Черный Новый год
Шрифт:
От такой дерзости Коварж на секунду растерялся. Проводил ведунью взглядом. Опомнился, подобрал чудом уцелевший обрез. В глаза мертвому хозяину старался не смотреть. Но не удержался, покосился. И понял, что глаз у бедного хозяина не осталось.
– Мне кажется… это, кажется, плохая идея… – начал он, глядя, как ведунья забирается в будку.
– Все плохое, что могло, уже произошло, – горько усмехнулась ведунья.
И исчезла в чреве будки.
Коварж сжал зубы, до хруста, до боли в деснах. Запоздало вспомнил, что
В будке послышался стук, изумленный возглас.
– Эй? – позвал Коварж. – Что там?
Мысленно отругал себя за глупый вопрос.
– А сами как думаете? – съязвила ведунья. – Вы забирайтесь, тут вас никто… уже никто не тронет.
Коварж заглянул в будку. В темноте едва различил маленький силуэт, открытый гроб. Носом уловил запах гнили.
– Мы увидели там того… водителя. Побежали все…
– Испугались, – добавила ведунья. – Как дети.
– Прекрати, – разозлился Коварж, – мы побежали, а Морозыч вдруг как с цепи, увидел, что якутенок по кабинам рылся, шею ему сломал, потом на хозяина, даже рана его не остановила… сначала, а потом успокоился, но поздно… сказал, что этот его, из будки, но я ничего не понимаю…
Голос его предательски дрогнул. Навалилось ощущение безысходности, страх, усталость, все вместе давило на виски, шею, скручивало внутренности.
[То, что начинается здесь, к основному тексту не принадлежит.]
(* Let $G$ be a finite group and $f\in\mathrm{Aut}(G)$ such that $\mathrm{GAlex}(G,f)$ is connected. If $\mathrm{GAlex}(G,f)\cong\Lambda\times_\phi Q$ for some quandle $Q$, group $\Lambda$ and function $\phi:Q\times Q\to\Lambda$ with $|\Lambda|=|\mathrm{Fix}(G,f)|$, then $\Lambda\cong\mathrm{Fix}(G,f)$ as groups. Hence if $\mathrm{Fix}(G,f)$ is not abelian, then $\Lambda\times_\phi Q$ is not an abelian extension of $Q$.
   Context: A quandle is a set with operation $*$ satisfying $a*a=a$; unique right division; $(a*b)*c=(a*c)*(b*c)$. Connected means the group generated by the right translations $R_a(y)=y*a$ acts transitively. $\mathrm{GAlex}(G,f)$ is the quandle on $G$ with $a*b=f(ab^{-1})b$; $\mathrm{Fix}(G,f)=\{x\in G: f(x)=x\}$. For a group $\Lambda$ and $\phi:Q\times Q\to\Lambda$, $\Lambda\times_\phi Q$ is $\Lambda\times Q$ with $(\lambda,a)*(\mu,b)=(\lambda\phi(a,b),a*b)$, assumed to be a quandle; it is called an abelian extension of $Q$ when $\Lambda$ is abelian. *)

theory Defs
  imports "HOL-Algebra.Algebra"
begin

definition quandle :: "'q set \<Rightarrow> ('q \<Rightarrow> 'q \<Rightarrow> 'q) \<Rightarrow> bool" where
  "quandle Q op \<longleftrightarrow>
     (\<forall>a\<in>Q. \<forall>b\<in>Q. op a b \<in> Q) \<and>
     (\<forall>a\<in>Q. op a a = a) \<and>
     (\<forall>a\<in>Q. \<forall>b\<in>Q. \<exists>!c. c \<in> Q \<and> op c b = a) \<and>
     (\<forall>a\<in>Q. \<forall>b\<in>Q. \<forall>c\<in>Q. op (op a b) c = op (op a c) (op b c))"

definition right_transl :: "'q set \<Rightarrow> ('q \<Rightarrow> 'q \<Rightarrow> 'q) \<Rightarrow> 'q \<Rightarrow> ('q \<Rightarrow> 'q)" where
  "right_transl Q op a = (\<lambda>y\<in>Q. op y a)"

definition inn_group :: "'q set \<Rightarrow> ('q \<Rightarrow> 'q \<Rightarrow> 'q) \<Rightarrow> ('q \<Rightarrow> 'q) set" where
  "inn_group Q op = generate (BijGroup Q) (right_transl Q op ` Q)"

definition connected_quandle :: "'q set \<Rightarrow> ('q \<Rightarrow> 'q \<Rightarrow> 'q) \<Rightarrow> bool" where
  "connected_quandle Q op \<longleftrightarrow> quandle Q op \<and>
     (\<forall>x\<in>Q. \<forall>y\<in>Q. \<exists>g\<in>inn_group Q op. g x = y)"
lemma transport_solution_eq_0:
  assumes eq: "f * dz d + u * dx d + w * dy d + v * d = 0"
    and f: "\<not> Z3 dvd f" and d: "Z3 dvd d"
  shows "d = 0"
proof (rule eq_0_if_Z3_powers_dvd)
  have "Z3 ^ Suc m dvd d" for m
  proof (induction m)
    case 0
    show ?case using d by simp
  next
    case (Suc m)
    then obtain e where e: "d = Z3 ^ Suc m * e" ..
    let ?r = "f * dz e + u * dx e + w * dy e + v * e"
    have dz_d: "dz d = Z3 ^ m * (of_nat (Suc m) * e + Z3 * dz e)"
      unfolding e dz_mult dz_Z3_power by (simp add: algebra_simps)
    have dx_d: "dx d = Z3 ^ Suc m * dx e" and dy_d: "dy d = Z3 ^ Suc m * dy e"
      unfolding e dx_mult dx_Z3_power dy_mult dy_Z3_power by simp_all
    have "f * dz d + u * dx d + w * dy d + v * d = Z3 ^ m * (of_nat (Suc m) * f * e + Z3 * ?r)"
      unfolding dz_d dx_d dy_d by (subst e) (simp add: algebra_simps)
    then have "Z3 ^ m * (of_nat (Suc m) * f * e + Z3 * ?r) = 0"
      using eq by simp
    then have "of_nat (Suc m) * f * e + Z3 * ?r = 0"
      using prime_elem_not_zeroI[OF prime_elem_Z3] by simp
    then have "Z3 dvd of_nat (Suc m) * f * e"
      by (metis dvd_0_right dvd_add_left_iff dvd_triv_left)
    then have "Z3 dvd e"
      using prime_elem_Z3 f not_Z3_dvd_of_nat[of "Suc m"] by (simp add: prime_elem_dvd_mult_iff)
    then show ?case
      using e by (auto simp: mult.assoc)
  qed
  then show "Z3 ^ n dvd d" for n
    by (meson dvd_trans le_imp_power_dvd lessI less_imp_le_nat)
qed

theorem lemma2p2:
  fixes f g h f' g' h' :: A3
  assumes "poisson_triple f g h"
    and "poisson_triple f' g' h'"
    and "coeff3 f 0 0 0 \<noteq> 0"
    and "\<forall>i j k. coeff3 f i j k = coeff3 f' i j k"
    and "\<forall>i j k. coeff3 h i j k = coeff3 h' i j k"
    and "\<forall>i j. coeff3 g i j 0 = coeff3 g' i j 0"
  shows "(f, g, h) = (f', g', h')"
proof -
  have f': "f' = f" and h': "h' = h"
    using assms(4,5) by (metis coeff3_ext)+
  define d where "d = g - g'"
  have "f * dz d + (- h) * dx d + 0 * dy d + (dx h - dz f) * d
      = (f * (dy h - dz g') + g' * (dz f - dx h) + h * (dx g' - dy f))
        - (f * (dy h - dz g) + g * (dz f - dx h) + h * (dx g - dy f))"
    by (simp add: d_def dx.diff dz.diff algebra_simps)
  also have "\<dots> = 0"
    using poisson_triple_curl[OF assms(1)] poisson_triple_curl[OF assms(2)] by (simp add: f' h')
  finally have "f * dz d + (- h) * dx d + 0 * dy d + (dx h - dz f) * d = 0" .
  moreover have "\<not> Z3 dvd f"
    using assms(3) by (metis Z3_dvd_iff_eval_z0 eval_z0_nth fps_zero_nth)
  moreover have "Z3 dvd d"
    using assms(6) by (simp add: Z3_dvd_iff_eval_z0 fps_eq_iff eval_z0_nth d_def coeff3_def)
  ultimately have "d = 0"
    by (rule transport_solution_eq_0)
  with f' h' show ?thesis
    by (simp add: d_def)
qed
– Я, наверное, тоже поеду, – сказал он, – за помощью. Мертвых только надо в тепло…
– Коварж, – обратилась к нему ведунья. – Ты веришь в Деда Мороза?
– Чего? – не сразу понял он. – В деда…
– В Деда Мороза. Раздает подарки хорошим детям. Господи, Коварж, ну не тупи ты, как ребенок. Веришь?
– Не верю!
– А в плохого Деда Мороза?
– Какого?
– Такого. Плохой волшебник. И подарки раздает плохие.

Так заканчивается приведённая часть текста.